▶ _Your assignment_
In the data below, find each line containing the string "imports" and return it.

-- Records supplied follows --

(* Let $C\subset\mathbb{R}^l$ be closed and let $g:\mathbb{R}^n\to\mathbb{R}^l$ be continuously differentiable near $\bar x\in g^{-1}(C)$ and twice differentiable at $\bar x$. Assume that every pair $(u,\lambda)\in\mathbb{R}^n\times\mathbb{R}^l$ satisfying $u\ne0$, $\nabla g(\bar x)u\in T_C(g(\bar x))$, $\lambda\in N_C(g(\bar x);\nabla g(\bar x)u)$, $\nabla g(\bar x)^T\lambda=0$, and $\tfrac12\langle\nabla^2\langle\lambda,g\rangle(\bar x)u,u\rangle\ge\underline\chi_C(\lambda,g(\bar x);\nabla g(\bar x)u)$ has $\lambda=0$. Then the mapping $x\mapsto g(x)-C$ is metrically subregular at $(\bar x,0)$.
   Context: Metric subregularity of $x\mapsto g(x)-C$ at $(\bar x,0)$: there are $\kappa\ge0$ and a neighborhood $U$ of $\bar x$ with $\operatorname{dist}(x;g^{-1}(C))\le\kappa\operatorname{dist}(g(x);C)$ for $x\in U$. $\langle\lambda,g\rangle(x)=\langle\lambda,g(x)\rangle$. Lower curvature: $\underline\chi_\Omega(\lambda,\bar z;v):=\lim_{\epsilon\downarrow0}\inf\{\langle\lambda,v'-v\rangle/\tau: 0<\tau<\epsilon,\|v'-v\|<\epsilon,\operatorname{dist}(\lambda;N_\Omega(\bar z+\tau v'))<\epsilon\}$ ($\inf\emptyset=+\infty$, $N_\Omega(z)=\emptyset$ off $\Omega$). $T_C$ contingent cone; $N$ limiting normal cone; $N_C(\bar z;w)=\{v:\exists t_k\downarrow0,w_k\to w,v_k\to v,\ \bar z+t_kw_k\in C,\ v_k\in\widehat N_C(\bar z+t_kw_k)\}$ the directional limiting normal cone, $\widehat N$ the regular normal cone. *)

theory Defs
  imports "HOL-Analysis.Analysis" "HOL-Library.Extended_Real"
begin

definition tangent_cone :: "'a::real_normed_vector set \<Rightarrow> 'a \<Rightarrow> 'a set" where
  "tangent_cone C z = {w. \<exists>t wk. (\<forall>k. t k > 0) \<and> (t \<longlonglongrightarrow> 0) \<and> (wk \<longlonglongrightarrow> w)
       \<and> (\<forall>k. z + t k *\<^sub>R wk k \<in> C)}"

definition regular_normal_cone :: "'a::real_inner set \<Rightarrow> 'a \<Rightarrow> 'a set" where
  "regular_normal_cone C z = {v. z \<in> C \<and>
       (\<forall>e>0. \<exists>d>0. \<forall>z'\<in>C. norm (z' - z) < d \<longrightarrow> inner v (z' - z) \<le> e * norm (z' - z))}"

definition limiting_normal_cone :: "'a::real_inner set \<Rightarrow> 'a \<Rightarrow> 'a set" where
  "limiting_normal_cone C z = {v. z \<in> C \<and> (\<exists>zk vk. (\<forall>k. zk k \<in> C) \<and> (zk \<longlonglongrightarrow> z)
       \<and> (vk \<longlonglongrightarrow> v) \<and> (\<forall>k. vk k \<in> regular_normal_cone C (zk k)))}"

definition dir_normal_cone :: "'a::real_inner set \<Rightarrow> 'a \<Rightarrow> 'a \<Rightarrow> 'a set" where
  "dir_normal_cone C z w = {v. \<exists>t wk vk. (\<forall>k. t k > 0) \<and> (t \<longlonglongrightarrow> 0) \<and> (wk \<longlonglongrightarrow> w)
       \<and> (vk \<longlonglongrightarrow> v) \<and> (\<forall>k. z + t k *\<^sub>R wk k \<in> C)
       \<and> (\<forall>k. vk k \<in> regular_normal_cone C (z + t k *\<^sub>R wk k))}"

text \<open>Lower curvature; the infimum of the empty set is +infinity (Inf {} = top in ereal).
  The condition dist(lam; N(z + tau v')) < eps is written as the existence of a normal
  within distance eps (so that it is false for an empty normal cone).\<close>
definition lower_curvature :: "'a::real_inner set \<Rightarrow> 'a \<Rightarrow> 'a \<Rightarrow> 'a \<Rightarrow> ereal" where
  "lower_curvature \<Omega> lam z v = Lim (at_right (0::real)) (\<lambda>e.
      Inf {ereal (inner lam (v' - v) / \<tau>) | \<tau> v'. 0 < \<tau> \<and> \<tau> < e \<and> norm (v' - v) < e \<and>
           (\<exists>\<mu>\<in>limiting_normal_cone \<Omega> (z + \<tau> *\<^sub>R v'). dist lam \<mu> < e)})"

definition metrically_subregular :: "('a::metric_space \<Rightarrow> 'b::metric_space set) \<Rightarrow> 'a \<Rightarrow> 'b \<Rightarrow> bool" where
  "metrically_subregular F xbar ybar \<longleftrightarrow> ybar \<in> F xbar \<and>
     (\<exists>\<kappa>\<ge>0. \<exists>U. open U \<and> xbar \<in> U \<and>
        (\<forall>x\<in>U. infdist x {x'. ybar \<in> F x'} \<le> \<kappa> * infdist ybar (F x)))"

end

theory Submission
  imports Defs
begin

text \<open>If \<open>x \<mapsto> g x - C\<close> is not metrically subregular, there are \<open>x\<^sub>k \<rightarrow> xbar\<close> with
  \<open>dist(x\<^sub>k, g\<^sup>-\<^sup>1 C) > k \<cdot> dist(g x\<^sub>k, C)\<close>. Minimizing \<open>dist(g x, C) + \<beta>\<^sub>k |x - x\<^sub>k|\<close> near \<open>x\<^sub>k\<close>
  gives \<open>y\<^sub>k \<rightarrow> xbar\<close> with nearest points \<open>c\<^sub>k \<in> C\<close>, \<open>|g y\<^sub>k - c\<^sub>k| = o(|y\<^sub>k - xbar|)\<close>, whose unit
  regular normals \<open>\<lambda>\<^sub>k = sgn (g y\<^sub>k - c\<^sub>k)\<close> satisfy \<open>|\<nabla>g(y\<^sub>k)\<^sup>T \<lambda>\<^sub>k| \<le> \<beta>\<^sub>k \<rightarrow> 0\<close>.
  Along a subsequence the directions of \<open>y\<^sub>k - xbar\<close> and the \<open>\<lambda>\<^sub>k\<close> converge to unit vectors \<open>u\<close>, \<open>\<lambda>\<close>.
  Then \<open>(c\<^sub>k - g xbar)/|y\<^sub>k - xbar| \<rightarrow> \<nabla>g(xbar) u\<close>, so \<open>\<nabla>g(xbar) u\<close> is tangent, \<open>\<lambda>\<close> is a
  directional normal with \<open>\<nabla>g(xbar)\<^sup>T \<lambda> = 0\<close>, and a second-order expansion of \<open>\<langle>\<lambda>, g\<rangle>\<close> along
  \<open>y\<^sub>k\<close> bounds the lower curvature by \<open>(1/2) \<langle>\<nabla>\<^sup>2\<langle>\<lambda>,g\<rangle>(xbar) u, u\<rangle>\<close>. The hypothesis forces
  \<open>\<lambda> = 0\<close>, contradicting \<open>|\<lambda>| = 1\<close>.\<close>

section \<open>Asymptotically stationary sequences\<close>

lemma infdist_zero_image_diff:
  fixes a :: "'b::real_normed_vector"
  shows "infdist 0 ((\<lambda>c. a - c) ` C) = infdist a C"
proof -
  have "(\<lambda>y. dist 0 y) ` (\<lambda>c. a - c) ` C = (\<lambda>c. dist a c) ` C"
    by (auto simp: image_image dist_norm norm_minus_commute)
  then show ?thesis unfolding infdist_def by simp
qed
(* Let $G=(X,\Sigma,\longrightarrow,X_0)$ (plant) and $R=(Z,\Sigma,\longrightarrow,Z_0)$ (specification) be automata. If $\mathit{SPR}(G,R)\neq\emptyset$, then $\mathcal{A}(E^{\uparrow}_{(G,R)})\in\mathit{MSPR}(G,R)$.
   Context: An automaton is a 4-tuple $A=(Q,\Sigma,\longrightarrow,Q_0)$ with state set $Q$, finite event set $\Sigma$, ${\longrightarrow}\subseteq Q\times\Sigma\times Q$ and $\emptyset\neq Q_0\subseteq Q$. Write $q\xrightarrow{\sigma}q'$ for $(q,\sigma,q')\in{\longrightarrow}$, $q\xrightarrow{\sigma}$ if some such $q'$ exists; extend to strings. A state is reachable if it is reached from an initial state by some string. Events are partitioned into uncontrollable $\Sigma_{uc}$ and controllable $\Sigma_c$; $\Sigma_r\subseteq\Sigma$ is a fixed set of required events. For a supervisor $S=(Y,\Sigma,\longrightarrow,Y_0)$, $S\|G=(Y\times X,\Sigma,\longrightarrow,Y_0\times X_0)$ with $(y,x)\xrightarrow{\sigma}(y',x')$ iff $y\xrightarrow{\sigma}y'$ and $x\xrightarrow{\sigma}x'$. $S$ is $\Sigma_{uc}$-admissible w.r.t. $G$ if for every reachable $(y,x)$ of $S\|G$ and $\sigma\in\Sigma_{uc}$, $x\xrightarrow{\sigma}$ implies $(y,x)\xrightarrow{\sigma}$. For automata $A_1=(Q_1,\Sigma,\longrightarrow,Q_{01})$, $A_2=(Q_2,\Sigma,\longrightarrow,Q_{02})$, $\Phi\subseteq Q_1\times Q_2$ is a simulation if (initial state) every $q_0\in Q_{01}$ has $p_0\in Q_{02}$ with $(q_0,p_0)\in\Phi$, and (forward) for all $(q,p)\in\Phi$, $\sigma\in\Sigma$, $q\xrightarrow{\sigma}q'$ there is $p'$ with $p\xrightarrow{\sigma}p'$, $(q',p')\in\Phi$; it is a cc-simulation if moreover ($\Sigma_r$-backward) for all $(q,p)\in\Phi$, $\sigma\in\Sigma_r$, $p\xrightarrow{\sigma}p'$ there is $q'$ with $q\xrightarrow{\sigma}q'$, $(q',p')\in\Phi$. Write $A_1\sqsubseteq A_2$, $A_1\sqsubseteq_{cc}A_2$ if such relations exist. $\mathit{SPR}(G,R)$ is the set of $\Sigma_{uc}$-admissible supervisors $S$ with $S\|G\sqsubseteq_{cc}R$, and $\mathit{MSPR}(G,R)=\{S\in\mathit{SPR}(G,R):\forall S'\in\mathit{SPR}(G,R)\ (S'\|G\sqsubseteq S\|G)\}$. For $W,W'\subseteq X\times Z$, $\sigma\in\Sigma$: $\mathit{match}_{G,R}(W,\sigma,W')$ iff for all $(x,z)\in W$ and $x\xrightarrow{\sigma}x'$ there is $z'$ with $z\xrightarrow{\sigma}z'$ and $(x',z')\in W'$. Define $F_{(G,R)}:\wp(\wp(X\times Z))\to\wp(\wp(X\times Z))$ by: $W\in F_{(G,R)}(E)$ iff $W\in E$ and (1) for every $\sigma\in\Sigma_{uc}$ there is $W'\in E$ with $\mathit{match}_{G,R}(W,\sigma,W')$, and (2) for every $(x,z)\in W$, $\sigma\in\Sigma_r$, $z'$ with $z\xrightarrow{\sigma}z'$ there exist $x'\in X$, $W'\in E$ with $x\xrightarrow{\sigma}x'$, $(x',z')\in W'$ and $\mathit{match}_{G,R}(W,\sigma,W')$. $F_{(G,R)}$ is monotone and $E^{\uparrow}_{(G,R)}$ denotes its greatest fixpoint. For $E\subseteq\wp(X\times Z)$ let $E^*=\bigcup_{\widetilde W\in E}\wp(\widetilde W)$ and $\mathrm{Succ}_\sigma(W)=\bigcup_{(x,z)\in W}\{x':x\xrightarrow{\sigma}x'\}\times\{z':z\xrightarrow{\sigma}z'\}$. The automaton $\mathcal{A}(E)=(E^*,\Sigma,\longrightarrow,I_E)$ has $I_E=\{W_0\in E^*:\forall x_0\in X_0\,\exists z_0\in Z_0\,((x_0,z_0)\in W_0)\text{ and }W_0\subseteq X_0\times Z_0\}$ and $W\xrightarrow{\sigma}W'$ iff (i) there exist $(x,z)\in W$, $(x',z')\in W'$ with $x\xrightarrow{\sigma}x'$ and $z\xrightarrow{\sigma}z'$; (ii) $\mathit{match}_{G,R}(W,\sigma,W')$; (iii) $W'\subseteq\mathrm{Succ}_\sigma(W)$. *)

theory Defs
  imports Main
begin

-- Records supplied concluded --

▶ _Task solution_
  imports "HOL-Analysis.Analysis" "HOL-Library.Extended_Real"
  imports Defs
  imports Main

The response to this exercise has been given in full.